汉越双语新闻话题发现研究
发布时间:2018-03-01 00:20
本文关键词: 新闻要素 Hadoop 汉越可比语料 双语词语相似度 汉越双语话题 出处:《昆明理工大学》2017年硕士论文 论文类型:学位论文
【摘要】:随着互联网信息技术的进步,中国与越南等地区在政治、经济、文化等各方面的交流也越来越密切。作为两国信息交流的主要载体,及时有效的发现有关两国的相关新闻话题及新闻话题的发展演化变得尤为重要。因此针对当前尚未充分考虑到利用新闻页面要素之间的关联关系进行话题发现的问题及汉越双语平行语料稀缺、汉越双语词典比较难构建、统计机器翻译尚未完全成熟的现状,提出了融合页面要素关联关系的中文新闻话题发现方法和基于可比语料词语相似度的汉越跨语言话题发现方法:(1)考虑到新闻话题之间具有主题相关的特点,同一话题中的新闻往往还存在发布时间相近、实体共现、事件要素共现等特点,这些要素之间的关联关系对新闻话题的发现具有重要影响,因此提出了融合页面要素关联关系的中文新闻话题发现方法。首先采用基于词频统计的TF-IDF方法计算基于词的特征权重生成文档空间向量利用余弦相似度算法计算新闻页面相似度,得到新闻页面初始相似度矩阵。然后以不同新闻文档内要素的关联关系特征作为半监督约束信息对初始相似度矩阵进行校正,对调整后的初始相似度矩阵采用近邻传播的聚类算法实现文本聚类,对聚类后的新闻文档簇抽取新闻话题,从而实现新闻话题的发现。最后通过对比实验验证融合新闻要素关联关系的话题发现方法较未加入约束信息的方法取得较好的效果。
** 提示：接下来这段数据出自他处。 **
(* Let $\gamma>0$. For any dimension $d>0$ and any $\delta>0$ there exists a ReLU neural network $\mathcal N:\mathbb{R}^d\to\mathbb{R}$ with 4 hidden layers, width $\mathcal O(d^{5/3+\gamma})$ and magnitude of weights at most $1/\delta$, such that: (i) for every entirely non-zero $\mathbf{x}\in\mathcal S^d_\delta$ for which the following success condition holds, $\mathcal N(\mathbf{x})=\operatorname{med}(\mathbf{x})$; (ii) for every $\mathbf{x}\in[0,1]^d$, $\mathcal N(\mathbf{x})\in[-d^2,d^2]$. Success condition: partition the entries of $\mathbf{x}$ into consecutive blocks $\mathbf{x}_1,\dots,\mathbf{x}_q$ of size $\lceil d^{2/3}\rceil$ (the last possibly smaller); for $i\in[q-1]$ let $\mathbf{y}_i$ consist of the elements of $\mathbf{x}_i$ with ranks within $\mathbf{x}_i$ in $\{\lfloor \frac{d^{2/3}}{2}-d^{\frac13+\gamma}\rfloor,\dots,\lceil \frac{d^{2/3}}{2}+d^{\frac13+\gamma}\rceil\}$ and $\mathbf{y}_q=\mathbf{x}_q$; the condition is that some $\mathbf{y}_i$ contains $\operatorname{med}(\mathbf{x})$.
   Context: $\mathcal S^d_\delta$ is the set of vectors $\mathbf{x}\in\mathbb{R}^d$ whose non-zero entries all lie in $[\delta,1-\delta]$ and are pairwise at distance at least $\delta$. $\operatorname{med}(\mathbf{x})$ denotes the median of the entries of $\mathbf{x}$ (the element of rank $d/2$). A ReLU network applies $[z]_+=\max\{0,z\}$ after each affine hidden map, with an affine output layer; width is the number of neurons in the largest hidden layer. *)

theory Defs
  imports "HOL-Analysis.Analysis"
begin

text \<open>Vectors in R^d are functions nat => real, only indices i < d matter.\<close>

text \<open>A hidden layer: (output width n, weight matrix W (W j i, j<n, i<input dim), bias b).\<close>
type_synonym layer = "nat \<times> (nat \<Rightarrow> nat \<Rightarrow> real) \<times> (nat \<Rightarrow> real)"

text \<open>A ReLU network: list of hidden layers and an affine output layer (w, c) to R.\<close>
type_synonym relu_net = "layer list \<times> (nat \<Rightarrow> real) \<times> real"

definition relu :: "real \<Rightarrow> real" where
  "relu z = max 0 z"

fun hidden_eval :: "nat \<Rightarrow> layer list \<Rightarrow> (nat \<Rightarrow> real) \<Rightarrow> (nat \<Rightarrow> real)" where
  "hidden_eval m [] x = x"
| "hidden_eval m ((n, W, b) # Ls) x =
     hidden_eval n Ls (\<lambda>j. if j < n then relu ((\<Sum>i<m. W j i * x i) + b j) else 0)"

fun out_dim :: "nat \<Rightarrow> layer list \<Rightarrow> nat" where
  "out_dim m [] = m"
| "out_dim m ((n, W, b) # Ls) = out_dim n Ls"

definition net_eval :: "nat \<Rightarrow> relu_net \<Rightarrow> (nat \<Rightarrow> real) \<Rightarrow> real" where
  "net_eval d N x =
     (case N of (Ls, w, c) \<Rightarrow> (\<Sum>i<out_dim d Ls. w i * hidden_eval d Ls x i) + c)"

definition hidden_layers :: "relu_net \<Rightarrow> layer list" where
  "hidden_layers N = fst N"

definition net_width :: "relu_net \<Rightarrow> nat" where
  "net_width N = Max (insert 0 (set (map fst (fst N))))"

fun layers_bounded :: "nat \<Rightarrow> layer list \<Rightarrow> real \<Rightarrow> bool" where
  "layers_bounded m [] B = True"
| "layers_bounded m ((n, W, b) # Ls) B =
     ((\<forall>j<n. \<forall>i<m. \<bar>W j i\<bar> \<le> B) \<and> (\<forall>j<n. \<bar>b j\<bar> \<le> B) \<and> layers_bounded n Ls B)"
(2)可比语料是指发表的新闻文章由两种不同的语言在同一时期内自然形成并且不同语言表达的新闻是主题相关的,因此提出了基于可比语料词语相似度的汉越跨语言话题发现方法。首先利用汉越可比语料训练出双语词语表征的词向量,以词向量为基础,计算汉语查询词与越南语词之间的相似度,根据相似度值选取出越南语候选扩展词。然后根据得到的汉越双语词的相似度,实现中文新闻话题到越南语查询扩展的翻译,利用查询扩展得到的越南词在越南语语料库中进行检索返回与查询相关的越南语文档,利用AP算法进行聚类获得与中文文本相关的越南语各类事件。对比实验表明本文借助可比语料的查询表达式翻译的方法较传统的双语LDA的方法在跨语言话题分析方面具有较好的效果。(3)设计并实现了汉越双语舆情话题发现原型系统,利用该系统可以方便快捷的了解到中国和东南亚国家对某一新闻话题的报道情况和话题详情,为进一步研究该课题提供了实验平台,为后续研究汉越双语新闻话题的演变提供了相关资源。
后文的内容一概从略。